Task statement:
The records below hold a stretch from the line with "list set \<Rightarrow>" through the line with "n \<notin> X"; return exactly those lines, ends included, and nothing more.

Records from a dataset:
========

(* Let $d\ge2$ and $\rho\ge1$. For every $\rho$-balanced rectangle $R\subseteq\mathbb Z^d$ and every $X\subseteq R$ we have $p^R(X)\ge\frac{p(X)}{3d\rho}\cdot\frac{|R\setminus X|}{|R|}$.
   Context: For $X\subseteq\mathbb Z^d$, $\partial X$ is the set of ordered pairs $(m,n)$ with $m\in X$, $n\notin X$, $n-m=\pm e_j$ for a standard basis vector $e_j$; $p(X):=|\partial X|$. For $R\subseteq\mathbb Z^d$, $\partial^RX:=\partial X\cap R^2$ and $p^R(X):=|\partial^RX|$. A rectangle is $\prod_{j=1}^d\{a_j,\dots,b_j\}$ with side lengths $b_j-a_j+1$; it is $\rho$-balanced if the ratio of any two side lengths is at most $\rho$. *)

theory Defs
  imports Main Complex_Main
begin

text \<open>Points of Z^d are integer lists of length d; coordinates indexed 0..d-1.\<close>

definition lattice :: "nat \<Rightarrow> int list set" where
  "lattice d = {x. length x = d}"

definition nbr :: "nat \<Rightarrow> int list \<Rightarrow> int list \<Rightarrow> bool" where
  "nbr d m n \<longleftrightarrow> length m = d \<and>
     (\<exists>j<d. n = m[j := m ! j + 1] \<or> n = m[j := m ! j - 1])"

definition edge_boundary :: "nat \<Rightarrow> int list set \<Rightarrow> (int list \<times> int list) set" where
  "edge_boundary d X = {(m, n). m \<in> X \<and> n \<notin> X \<and> nbr d m n}"
text \<open>The iteration bound of the theorem, in the extended reals (1/0 = +\<infinity>).\<close>
definition ucs_bound :: "real \<Rightarrow> real \<Rightarrow> real \<Rightarrow> real \<Rightarrow> real \<Rightarrow> ereal \<Rightarrow> ereal \<Rightarrow> real \<Rightarrow> ereal" where
  "ucs_bound Mf Lf chi lam0 eps \<mu> \<nu> d0 =
     (let Q = 8 * Mf\<^sup>2 / (1 - chi)\<^sup>2 + eps * (1 / lam0 + 2 * Lf / (1 - chi)\<^sup>2);
          A1 = (if chi = 0 then \<infinity> else ereal (1 / chi)) * (1 + ereal Q / (\<mu> * ereal eps));
          A2 = 1 + ereal Q / (\<nu> * ereal eps);
          T1 = (if \<mu> = 0 then \<infinity> else min A1 A2 * eln (1 + \<mu> * ereal (d0\<^sup>2 / eps)))
      in min T1 (ereal (d0\<^sup>2 * Q / eps\<^sup>2)) + ereal (of_int \<lceil>2 * ln (lam0 * Q / eps)\<rceil>))"

end

theory Submission
  imports Defs
begin
(* Let $M$ be a simple $\lambda$-term and $N$ a $\lambda$-term with $M \twoheadrightarrow_\beta N$. Then $N$ matches $M$ eventually, i.e. $\mathrm{BT}^c(M) =_{\mathrm{ev}} \mathrm{BT}^c(N)$.
   Context: Untyped $\lambda$-calculus modulo $\alpha$. Head reduction step: $\lambda x_1\ldots x_n.(\lambda y.P)QQ_1\ldots Q_m \to \lambda x_1\ldots x_n.P[y:=Q]Q_1\ldots Q_m$; hnf: $\lambda x_1\ldots x_n.\,yQ_1\ldots Q_m$. Clocked Böhm tree $\mathrm{BT}^c(M)$: $\bot$ if $M$ has no hnf; otherwise if $M\to_h^k \lambda x_1\ldots x_n.\,yM_1\ldots M_m$ is the head reduction to hnf, $\mathrm{BT}^c(M)$ is $\lambda x_1\ldots x_n.\,y\,\mathrm{BT}^c(M_1)\ldots\mathrm{BT}^c(M_m)$ with root annotated by $k$ (coinductive definition). Positions: sequences over $\{0,1,2\}$ ($0$ abstraction body, $1$ function, $2$ argument). $T_1 =_{\mathrm{ev}} T_2$ means $T_1,T_2$ coincide after erasing annotations and there is $\ell\in\mathbb N$ such that for all positions $p$ of $T_1$ with $|p|\ge \ell$, either neither subtree at $p$ has a root annotation or both have equal root annotations. A redex $(\lambda x.P)Q$ is linear if $x$ occurs at most once in $P$, call-by-value if $Q$ is a $\beta$-normal form, and simple if it is linear or call-by-value. The set of simple terms is the largest set $X$ of $\lambda$-terms such that every $M\in X$ either has no hnf, or its head reduction to hnf $M \to_h^* \lambda x_1\ldots x_n.\,yM_1\ldots M_m$ contracts only simple redexes and $M_1,\dots,M_m\in X$. *)

theory Defs
  imports Main
begin

datatype dB = Var nat | App dB dB | Abs dB

primrec lift :: "dB \<Rightarrow> nat \<Rightarrow> dB" where
  "lift (Var i) k = (if i < k then Var i else Var (i + 1))"
| "lift (App s t) k = App (lift s k) (lift t k)"
| "lift (Abs s) k = Abs (lift s (k + 1))"

primrec subst :: "dB \<Rightarrow> dB \<Rightarrow> nat \<Rightarrow> dB" where
  "subst (Var i) s k = (if k < i then Var (i - 1) else if i = k then s else Var i)"
| "subst (App t u) s k = App (subst t s k) (subst u s k)"
| "subst (Abs t) s k = Abs (subst t (lift s 0) (k + 1))"

inductive beta :: "dB \<Rightarrow> dB \<Rightarrow> bool" where
  beta_redex: "beta (App (Abs s) t) (subst s t 0)"
| appL: "beta s t \<Longrightarrow> beta (App s u) (App t u)"
| appR: "beta s t \<Longrightarrow> beta (App u s) (App u t)"
| abs: "beta s t \<Longrightarrow> beta (Abs s) (Abs t)"

abbreviation beta_reds :: "dB \<Rightarrow> dB \<Rightarrow> bool" where
  "beta_reds \<equiv> beta\<^sup>*\<^sup>*"

definition beta_nf :: "dB \<Rightarrow> bool" where
  "beta_nf Q \<longleftrightarrow> \<not> (\<exists>N. beta Q N)"

fun is_abs :: "dB \<Rightarrow> bool" where
  "is_abs (Abs _) = True"
| "is_abs _ = False"

inductive hstep_r :: "dB \<times> dB \<Rightarrow> dB \<Rightarrow> dB \<Rightarrow> bool" where
  "hstep_r (P, Q) (App (Abs P) Q) (subst P Q 0)"
| "hstep_r r M M' \<Longrightarrow> \<not> is_abs M \<Longrightarrow> hstep_r r (App M N) (App M' N)"
| "hstep_r r M M' \<Longrightarrow> hstep_r r (Abs M) (Abs M')"

inductive hpath :: "(dB \<times> dB) list \<Rightarrow> dB \<Rightarrow> dB \<Rightarrow> bool" where
  "hpath [] M M"
| "hstep_r r M M' \<Longrightarrow> hpath rs M' M'' \<Longrightarrow> hpath (r # rs) M M''"

fun strip_abs :: "dB \<Rightarrow> nat \<times> dB" where
  "strip_abs (Abs t) = (let (n, b) = strip_abs t in (Suc n, b))"
| "strip_abs t = (0, t)"

fun head_args :: "dB \<Rightarrow> dB \<times> dB list" where
  "head_args (App s t) = (let (h, as) = head_args s in (h, as @ [t]))"
| "head_args t = (t, [])"

text \<open>Head normal form: \<lambda>x1..xn. y Q1 .. Qm\<close>
definition hnf :: "dB \<Rightarrow> bool" where
  "hnf N \<longleftrightarrow> (\<exists>y. fst (head_args (snd (strip_abs N))) = Var y)"

definition has_hnf :: "dB \<Rightarrow> bool" where
  "has_hnf M \<longleftrightarrow> (\<exists>N. beta_reds M N \<and> hnf N)"

definition hnf_steps :: "dB \<Rightarrow> nat" where
  "hnf_steps M = (LEAST k. \<exists>rs N. hpath rs M N \<and> hnf N \<and> length rs = k)"

definition hnf_of :: "dB \<Rightarrow> dB" where
  "hnf_of M = (SOME N. \<exists>rs. hpath rs M N \<and> hnf N)"

definition hnf_nabs :: "dB \<Rightarrow> nat" where
  "hnf_nabs M = fst (strip_abs (hnf_of M))"

definition hnf_head :: "dB \<Rightarrow> nat" where
  "hnf_head M = (case fst (head_args (snd (strip_abs (hnf_of M)))) of Var y \<Rightarrow> y | _ \<Rightarrow> 0)"

definition hnf_args :: "dB \<Rightarrow> dB list" where
  "hnf_args M = snd (head_args (snd (strip_abs (hnf_of M))))"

========

Exercise output:
definition edge_boundary :: "nat \<Rightarrow> int list set \<Rightarrow> (int list \<times> int list) set" where
  "edge_boundary d X = {(m, n). m \<in> X \<and> n \<notin> X \<and> nbr d m n}"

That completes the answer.